The Great Pause Week 64: New Hope Creek Journal, Part One - Wading Back in Time

"Renewable energy is unlikely to support civilization at its present scale. We know this by looking at fish in a mountain stream."

 

In a frantic search for some way out of the climate crisis, governments, scientists and creators are throwing time, money, and people at carbon dioxide removal by natural and artificial means. Director of the Potsdam Institute for Climate Impact Research Johan Rockström says quite frankly, “there is no plausible chance of an absolute zero landing by 2050.” The best we can hope for is a rapid decarbonization of the economy — by half every decade — followed by Rosie the Riveter-style mass-production of carbon dioxide removal devices. “That is the pace and that is non-negotiable.” 

As we race into this brave new world, we need to be mindful that every misstep, every wasted effort, every wrong turn, takes us away from the task, cuts into its unrelenting schedule, steals non-replaceable time, and should be avoided. There is a neologism (actually an acronym) that grounds our decision tree. The decisive expression is “EROI.”

In 1968 Charles Hall was trying to come up with a topic for his doctoral dissertation.

Most of us were focused on ecology with a small ‘e,’ that is, on trying to understand how nature operated. This was before the first Earth Day, and usually when you were talking up some young lady at a party you had to explain what the word ‘ecology’ meant.

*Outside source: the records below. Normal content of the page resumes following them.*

(* Let $N\in\mathbb N$, $\alpha,\beta>-1$, and let $\{x_j,\omega_j\}_{j=0}^N$ be the JGL nodes and weights. Then for $\mu\in(0,1)$ and $0\le i,j\le N$, $$ {}^C\mathbf D^{(\mu)}_{ij}=(1+x_i)^{1-\mu}\sum_{l=1}^N\frac{(l-1)!}{\Gamma(l+1-\mu)}\,s_{lj}\,P_{l-1}^{(\mu-1,1-\mu)}(x_i), $$ where $$ s_{lj}=\frac12\sum_{n=l-1}^N (n+\alpha+\beta+1)\,{}^{(\alpha+1,\beta+1)}C^{(0,0)}_{l-1,n-1}\,t_{nj},\qquad t_{nj}=\frac{\omega_j}{\tilde\gamma_n^{(\alpha,\beta)}}P_n^{(\alpha,\beta)}(x_j) $$ (terms with $n-1<0$ are omitted). In particular, for $\alpha=\beta=0$ one may equivalently take $$ s_{lj}=\frac{2l-1}{2}\Big\{\delta_{jN}+(-1)^l\delta_{j0}-\omega_jP_{l-1}'(x_j)\Big\}. $$
   Context: For $\rho>0$, $(I_-^\rho u)(x)=\frac{1}{\Gamma(\rho)}\int_{-1}^x (x-y)^{\rho-1}u(y)\,dy$; for $\mu\in(0,1)$ the Caputo derivative is ${}^C D_-^\mu u=I_-^{1-\mu}(u')$. Jacobi polynomials are in Szegő's normalization: $P_n^{(\alpha,\beta)}(x)=\frac{\Gamma(n+\alpha+1)}{n!\Gamma(\alpha+1)}\,{}_2F_1\big(-n,n+\alpha+\beta+1;\alpha+1;\tfrac{1-x}{2}\big)$, $P_0^{(\alpha,\beta)}=1$, and $P_n=P_n^{(0,0)}$ (Legendre). For $\alpha,\beta>-1$, $\gamma_n^{(\alpha,\beta)}=\frac{2^{\alpha+\beta+1}\Gamma(n+\alpha+1)\Gamma(n+\beta+1)}{(2n+\alpha+\beta+1)\,n!\,\Gamma(n+\alpha+\beta+1)}$ is the squared norm of $P_n^{(\alpha,\beta)}$ in $L^2$ with weight $(1-x)^\alpha(1+x)^\beta$; $\tilde\gamma_n^{(\alpha,\beta)}=\gamma_n^{(\alpha,\beta)}$ for $0\le n\le N-1$ and $\tilde\gamma_N^{(\alpha,\beta)}=\big(2+\frac{\alpha+\beta+1}{N}\big)\gamma_N^{(\alpha,\beta)}$. Connection coefficients: for $\alpha,\beta,a,b>-1$, ${}^{(\alpha,\beta)}C^{(a,b)}_{ln}$ are the unique numbers with $P_n^{(\alpha,\beta)}=\sum_{l=0}^n {}^{(\alpha,\beta)}C^{(a,b)}_{ln}P_l^{(a,b)}$ (and they are $0$ for $l>n$). The JGL nodes $x_0<\dots<x_N$ are the zeros of $(1-x^2)\frac{d}{dx}P_N^{(\alpha,\beta)}$ ($x_0=-1$, $x_N=1$), and the weights $\omega_j$ make $\int_{-1}^1\phi(x)(1-x)^\alpha(1+x)^\beta dx=\sum_j\phi(x_j)\omega_j$ exact for all $\phi\in\mathcal P_{2N-1}$. $h_j\in\mathcal P_N$ is the Lagrange basis polynomial ($h_j(x_i)=\delta_{ij}$), and ${}^C\mathbf D^{(\mu)}_{ij}=({}^C D_-^\mu h_j)(x_i)$, with the value at $x_0=-1$ understood as the limit. *)

theory Defs
  imports "HOL-Analysis.Analysis" "HOL-Computational_Algebra.Polynomial"
begin

text \<open>Jacobi polynomial in Szego normalization, as a real polynomial (hypergeometric sum).\<close>
definition jacobi_poly :: "real \<Rightarrow> real \<Rightarrow> nat \<Rightarrow> real poly" where
  "jacobi_poly a b n =
     (if n = 0 then 1 else
      smult (Gamma (real n + a + 1) / (fact n * Gamma (a + 1)))
        (\<Sum>k\<le>n. smult (pochhammer (- real n) k * pochhammer (real n + a + b + 1) k
                         / (pochhammer (a + 1) k * fact k))
                   ([:1/2, -1/2:] ^ k)))"

definition jacobi_gamma :: "real \<Rightarrow> real \<Rightarrow> nat \<Rightarrow> real" where
  "jacobi_gamma a b n =
     2 powr (a + b + 1) * Gamma (real n + a + 1) * Gamma (real n + b + 1)
     / ((2 * real n + a + b + 1) * fact n * Gamma (real n + a + b + 1))"

definition jacobi_gamma_tilde :: "real \<Rightarrow> real \<Rightarrow> nat \<Rightarrow> nat \<Rightarrow> real" where
  "jacobi_gamma_tilde a b N n =
     (if n = N then (2 + (a + b + 1) / real N) * jacobi_gamma a b N else jacobi_gamma a b n)"

definition conn_coeff :: "real \<Rightarrow> real \<Rightarrow> real \<Rightarrow> real \<Rightarrow> nat \<Rightarrow> nat \<Rightarrow> real" where
  "conn_coeff al be a b l n =
     (THE c. (\<forall>t. poly (jacobi_poly al be n) t = (\<Sum>k\<le>n. c k * poly (jacobi_poly a b k) t))
             \<and> (\<forall>k>n. c k = 0)) l"

definition frac_int :: "real \<Rightarrow> (real \<Rightarrow> real) \<Rightarrow> real \<Rightarrow> real" where
  "frac_int \<rho> u x = 1 / Gamma \<rho> * integral {-1..x} (\<lambda>y. (x - y) powr (\<rho> - 1) * u y)"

Hall, who already had earned his masters in ecology at Penn State, chose to work under the mentorship of Howard T. Odum at the University of North Carolina. He describes his first day with Odum when the two went on an errand to a hardware store:

While we were waiting for a sales person, H.T. was looking at some domestic items. His eyes came to rest on a wide goldfish bowl, a small fan and a record player turntable. He said to me (I am not kidding!): “Look at this, we can make a model of the Gulf Stream. He put the goldfish bowl on the record player turntable, turned on the fan to blow across it making a current in the goldfish bowl, and then he said “now we have to add the coriollis force” and gave the record player a little spin to the right. Sure enough, something like the jet stream began flowing in the goldfish bowl, and the goldfish had to start swimming to keep his place.” Fascinated, I said to myself: ‘Well this is not going to be the same as my education so far! I think I am going to like this.’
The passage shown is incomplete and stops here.